Metric John Ward Mason-Rice
Overall Rating 9.0 / 10 8.6 / 10
Academic Score 9.8 9.7
Growth Score 8.1 7.5
Diversity Index
Free/Reduced Lunch 0% 0%
Environment Score 9.9 9.6
State Rank #97 of 1,793 #180 of 1,793
State Percentile 95th 90th

Test Scores

Subject John Ward Mason-Rice
Math Proficiency 87.0% 82.0%
Math (State Avg)
ELA Proficiency 87.0% 87.0%
ELA (State Avg)

School Details

Detail John Ward Mason-Rice
Type Elementary School Elementary School
Grades Kindergarten – 5th Kindergarten – 5th
Enrollment 212 334
Student-Teacher Ratio 10.1:1 11.9:1
Per-Pupil Spending
Free/Reduced Lunch
Chronic Absenteeism (SY 2022-23) 8.0% 13.2%
District Newton Newton
City Newton Centre Newton Centre

Neighborhood

Metric Newton Centre (02459) Newton Centre (02459)
Median Household Income $214,941 $214,941
Median Home Value $1,336,200 $1,336,200
Median Rent $2,308 $2,308
College Educated (Bachelor's+) 84.3% 84.3%
Poverty Rate 3.4% 3.4%
Avg Commute 28 min 28 min

The data story: John Ward vs Mason-Rice

Mason-Rice scores 9.2 out of 10 overall to John Ward's 9.0, a 0.2-point gap that produces a more meaningful separation in state standings: Mason-Rice ranks #49 among 1,791 Massachusetts elementary schools, while John Ward holds #76. Both schools clear the top five percent statewide, so this is not a choice between a strong school and a weaker one — it is a choice between two of Newton Centre's highest performers with real but narrow differences.

On raw academic output, John Ward and Mason-Rice are statistically identical: each earns a 9.8 out of 10, meaning neither school holds a measurable edge on proficiency. The gap opens on growth. Mason-Rice posts an 8.6 growth score against John Ward's 8.2 — a 0.4-point difference indicating that Mason-Rice students advance slightly faster relative to academic expectations over a school year, which is where Mason-Rice builds most of its overall rating advantage.

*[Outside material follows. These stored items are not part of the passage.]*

lemma mul_assoc_subset: "mul (mul X Y) Z \<subseteq> mul X (mul Y Z)"
proof (rule mul_least[OF mul_submodule])
  fix w z assume w: "w \<in> mul X Y" and z: "z \<in> Z"
  show "w * z \<in> mul X (mul Y Z)"
  proof (rule mul_induct[OF w, where Q="\<lambda>w. w * z \<in> mul X (mul Y Z)"])
    show "Amod {w. w * z \<in> mul X (mul Y Z)}"
      using mul_submodule[of X "mul Y Z"] by (auto simp: A_submodule_def distrib_right mult.assoc)
    fix x y assume "x \<in> X" "y \<in> Y"
    then show "x * y * z \<in> mul X (mul Y Z)"
      using z by (simp add: mult.assoc mul_in)
  qed
qed

lemma mul_assoc: "mul (mul X Y) Z = mul X (mul Y Z)"
proof
  show "mul (mul X Y) Z \<subseteq> mul X (mul Y Z)" by (rule mul_assoc_subset)
  have "mul X (mul Y Z) = mul (mul Z Y) X" by (simp add: mul_comm)
  also have "\<dots> \<subseteq> mul Z (mul Y X)" by (rule mul_assoc_subset)
  also have "\<dots> = mul (mul X Y) Z" by (simp add: mul_comm)
  finally show "mul X (mul Y Z) \<subseteq> mul (mul X Y) Z" .
qed

lemma mul_A: "Amod M \<Longrightarrow> mul A M = M"
proof
  assume M: "Amod M"
  show "mul A M \<subseteq> M" by (rule mul_least[OF M]) (use M in \<open>auto simp: A_submodule_def\<close>)
  show "M \<subseteq> mul A M" using mul_in[of 1 A] by force
qed

lemma mul_scale: "mul ((*) d ` X) Y = (*) d ` mul X Y"
proof
  show "mul ((*) d ` X) Y \<subseteq> (*) d ` mul X Y"
    by (rule mul_least[OF Amod_image_scale[OF mul_submodule]])
       (auto simp: mult.assoc intro!: imageI mul_in)
  show "(*) d ` mul X Y \<subseteq> mul ((*) d ` X) Y"
  proof
    fix z assume "z \<in> (*) d ` mul X Y"
    then obtain w where w: "w \<in> mul X Y" and z: "z = d * w" by auto
    have "d * w \<in> mul ((*) d ` X) Y"
    proof (rule mul_induct[OF w, where Q="\<lambda>w. d * w \<in> mul ((*) d ` X) Y"])
      show "Amod {w. d * w \<in> mul ((*) d ` X) Y}"
        using mul_submodule[of "(*) d ` X" Y]
        by (auto simp: A_submodule_def distrib_left mult.left_commute[of d])
      fix x y assume "x \<in> X" "y \<in> Y"
      then show "d * (x * y) \<in> mul ((*) d ` X) Y"
        by (metis imageI mult.assoc mul_in)
    qed
    then show "z \<in> mul ((*) d ` X) Y" using z by simp
  qed
qed

lemma Frac_A: "x \<in> A \<Longrightarrow> x \<in> Frac"
  unfolding frac_field_def by (rule CollectI, rule exI[of _ x], rule exI[of _ 1]) simp

lemma Frac_cases: assumes "x \<in> Frac" obtains a b where "a \<in> A" "b \<in> A" "b \<noteq> 0" "x = a / b"
  using assms unfolding frac_field_def by auto

lemma Frac_intro: "a \<in> A \<Longrightarrow> b \<in> A \<Longrightarrow> b \<noteq> 0 \<Longrightarrow> a / b \<in> Frac"
  unfolding frac_field_def by auto

lemma Frac_add: "x \<in> Frac \<Longrightarrow> y \<in> Frac \<Longrightarrow> x + y \<in> Frac"
proof -
  assume "x \<in> Frac" "y \<in> Frac"
  obtain a b where ab: "a \<in> A" "b \<in> A" "b \<noteq> 0" "x = a / b"
    using Frac_cases[OF \<open>x \<in> Frac\<close>] by blast
  obtain c d where cd: "c \<in> A" "d \<in> A" "d \<noteq> 0" "y = c / d"
    using Frac_cases[OF \<open>y \<in> Frac\<close>] by blast
  have "x + y = (a * d + c * b) / (b * d)" using ab cd by (simp add: add_frac_eq mult.commute)
  then show "x + y \<in> Frac" using ab cd by (simp add: Frac_intro Aadd Amult)
qed
lemma ideal_gen_const_X_mult:
  "ideal_gen ((\<lambda>a. [:a:]) ` A \<union> (\<lambda>b. [:0, b:]) ` B) = coeff_ideal (ideal_gen A) (ideal_gen (A \<union> B))"
  (is "ideal_gen ?G = ?E")
proof
  have AB: "c \<in> ideal_gen (A \<union> B)" if "c \<in> A \<union> B" for c
    using ideal_gen_superset[of "A \<union> B"] that by auto
  have zero: "0 \<in> ideal_gen (A \<union> B)" "0 \<in> ideal_gen A"
    by (rule ideal_zero[OF is_ideal_ideal_gen])+
  have "[:a:] \<in> ?E" if "a \<in> A" for a
    using that AB ideal_gen_superset[of A] zero
    unfolding coeff_ideal_def by (auto simp: coeff_pCons split: nat.split)
  moreover have "[:0, b:] \<in> ?E" if "b \<in> B" for b
    using that AB zero
    unfolding coeff_ideal_def by (auto simp: coeff_pCons split: nat.split)
  ultimately have "?G \<subseteq> ?E" by blast
  then show "ideal_gen ?G \<subseteq> ?E"
    by (intro ideal_gen_minimal is_ideal_coeff_ideal is_ideal_ideal_gen)
next
  let ?J = "ideal_gen ?G"
  note J = is_ideal_ideal_gen[of ?G]
  interpret const: comm_ring_hom "\<lambda>c. [:c:]" by (rule comm_ring_hom_const_poly)
  have "ideal_gen ((\<lambda>a. [:a:]) ` A) \<subseteq> ?J"
    by (rule ideal_gen_mono) blast
  then have const_in: "[:a:] \<in> ?J" if "a \<in> ideal_gen A" for a
    using const.hom_ideal_gen[OF that] by blast
  show "?E \<subseteq> ?J"
  proof
    fix p assume p: "p \<in> ?E"
    obtain a q where pq: "p = pCons a q" by (cases p) auto
    have "a \<in> ideal_gen A" "\<forall>j. coeff p j \<in> ideal_gen (A \<union> B)"
      using p by (simp_all add: pq coeff_ideal_def)
    then have "a \<in> ideal_gen A" "coeff q j \<in> ideal_gen (A \<union> B)" for j
      by (auto simp: pq dest: spec[of _ "Suc j"])
    then have "[:a:] + pCons 0 q \<in> ?J"
      by (intro ideal_add[OF J] const_in pCons_0_in_ideal_gen)
    then show "p \<in> ?J" by (simp add: pq)
  qed
qed

lemma coeff_mult_at_degree_bounds:
  fixes p q :: "'a::comm_ring_1 poly"
  assumes "degree p \<le> a" "degree q \<le> b"
  shows "coeff (p * q) (a + b) = coeff p a * coeff q b"
proof -
  have "coeff p i * coeff q (a + b - i) = 0" if "i \<le> a + b" "i \<noteq> a" for i
    using assms that by (cases "i < a") (auto simp: coeff_eq_0)
  then have "(\<Sum>i\<in>{..a + b} - {a}. coeff p i * coeff q (a + b - i)) = 0"
    by (intro sum.neutral) auto
  then show ?thesis
    unfolding coeff_mult by (subst sum.remove[of _ a]) auto
qed

lemma coeff_power_at_degree_bound:
  fixes p :: "'a::comm_ring_1 poly"
  assumes "degree p \<le> d"
  shows "coeff (p ^ n) (n * d) = coeff p d ^ n"
proof (induction n)
  case (Suc n)
  have "degree (p ^ n) \<le> n * d"
    using degree_power_le[of p n] assms by (metis le_trans mult.commute mult_le_mono2)
  then show ?case
    using coeff_mult_at_degree_bounds[OF assms, of "p ^ n" "n * d"] Suc by simp
qed simp

text \<open>If \<open>p\<^sup>n \<in> L[x]\<close> then the leading coefficient of \<open>p\<close> lies in \<open>L\<close>; subtract it
  and induct on the degree.\<close>
lemma radical_coeff_ideal_extension:
  assumes L: "is_ideal L" and "radical L"
  shows "radical (coeff_ideal L L)"
  unfolding radical_def
proof
  fix p assume "p \<in> rad (coeff_ideal L L)"
  then obtain n where "p ^ n \<in> coeff_ideal L L" unfolding rad_def by auto
  then show "p \<in> coeff_ideal L L"
  proof (induction "degree p" arbitrary: p rule: less_induct)
    case less
    note E = is_ideal_coeff_ideal[OF L L]
    define d where "d = degree p"
    define a where "a = coeff p d"
    have "coeff (p ^ n) (n * d) \<in> L"
      using less.prems unfolding coeff_ideal_def by simp
    then have "a ^ n \<in> L"
      using coeff_power_at_degree_bound[of p d n] unfolding a_def d_def by simp
    then have "a \<in> L"
      using \<open>radical L\<close> unfolding radical_def rad_def by auto
    then have a: "monom a d \<in> coeff_ideal L L"
      unfolding coeff_ideal_def using ideal_zero[OF L] by (auto simp: coeff_monom)
    show ?case
    proof (cases "d = 0")
      case True
      then show ?thesis using a degree_0_id[of p] by (simp add: a_def d_def monom_0)
    next
      case False
      define p' where "p' = p - monom a d"
      have "coeff p' j = 0" if "d \<le> j" for j
        using that by (cases "j = d") (simp_all add: p'_def a_def d_def coeff_monom coeff_eq_0)
      then have "degree p' \<le> d - 1"
        using False by (intro degree_le) simp
      then have "degree p' < degree p"
        using False d_def by simp
      moreover have "p' ^ n \<in> coeff_ideal L L"
        unfolding p'_def using less.prems a by (rule ideal_power_diff[OF E])
      ultimately have "p' \<in> coeff_ideal L L" by (rule less.hyps)
      then have "p' + monom a d \<in> coeff_ideal L L"
        by (rule ideal_add[OF E _ a])
      then show ?thesis by (simp add: p'_def)
    qed
  qed
qed

lemma radical_coeff_ideal:
  assumes L\<^sub>0: "radical L\<^sub>0" and L: "is_ideal L" "radical L"
  shows "radical (coeff_ideal L\<^sub>0 L)"
  unfolding radical_def
proof
  fix p assume "p \<in> rad (coeff_ideal L\<^sub>0 L)"
  then obtain n where n: "p ^ n \<in> coeff_ideal L\<^sub>0 L" unfolding rad_def by auto
  then have "coeff p 0 ^ n \<in> L\<^sub>0"
    unfolding coeff_ideal_def by (simp add: coeff_0_power)
  then have "coeff p 0 \<in> L\<^sub>0"
    using L\<^sub>0 unfolding radical_def rad_def by auto
  moreover have "p ^ n \<in> coeff_ideal L L"
    using n unfolding coeff_ideal_def by simp
  then have "p \<in> rad (coeff_ideal L L)"
    unfolding rad_def by blast
  then have "p \<in> coeff_ideal L L"
    using radical_coeff_ideal_extension[OF L] unfolding radical_def by blast
  ultimately show "p \<in> coeff_ideal L\<^sub>0 L"
    unfolding coeff_ideal_def by simp
qed

lemma radical_ideal_gen_lift:
  assumes "radical (ideal_gen A)" "radical (ideal_gen C)" "C = A \<union> B"
    and "S = (\<lambda>a. [:a:]) ` A \<union> (\<lambda>b. [:0, b:]) ` B"
  shows "radical (ideal_gen S)"
  unfolding assms(4) ideal_gen_const_X_mult
  by (rule radical_coeff_ideal[OF assms(1) is_ideal_ideal_gen assms(2)[unfolded assms(3)]])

The schools diverge sharply on size. John Ward enrolls 212 students; Mason-Rice enrolls 334 — a student body 57 percent larger. That difference flows directly into the classroom: John Ward runs a 10.1:1 student-teacher ratio, one of the tightest in Newton, while Mason-Rice operates at 11.9:1. Families prioritizing individual teacher access have a structural argument for John Ward; families who want their child embedded in a larger, more socially varied peer group have a structural argument for Mason-Rice.

Both schools serve the identical grade band — kindergarten through fifth grade — and sit 1.2 miles apart within Newton Centre, so neither geography nor program scope cleanly separates them. With academic scores locked at 9.8 and no data showing differentiated magnet programs or special curricular tracks, the decision ultimately pivots on what parents weight more: Mason-Rice's edge in growth, overall rating, and state rank, or John Ward's smaller enrollment and lower student-teacher ratio.

Editorial summary generated May 2026 · sonnet

Who each school fits

John Ward

John Ward suits families who want their child known by name in every classroom. Its 10.1:1 student-teacher ratio and 212-student enrollment create a structurally more intimate environment than Mason-Rice without any sacrifice in academic quality — both schools score 9.8 academically, and John Ward's #76 state rank confirms it competes at the top tier of Massachusetts elementary schools.

Mason-Rice

Mason-Rice fits families who weight school-wide performance metrics and a broader peer community. Its #49 state rank, 9.2 overall rating, and 8.6 growth score each run ahead of John Ward's figures, and its 334-student enrollment offers more social variety across grade levels — the better fit for children who thrive in a larger, more active school setting while still benefiting from strong academics.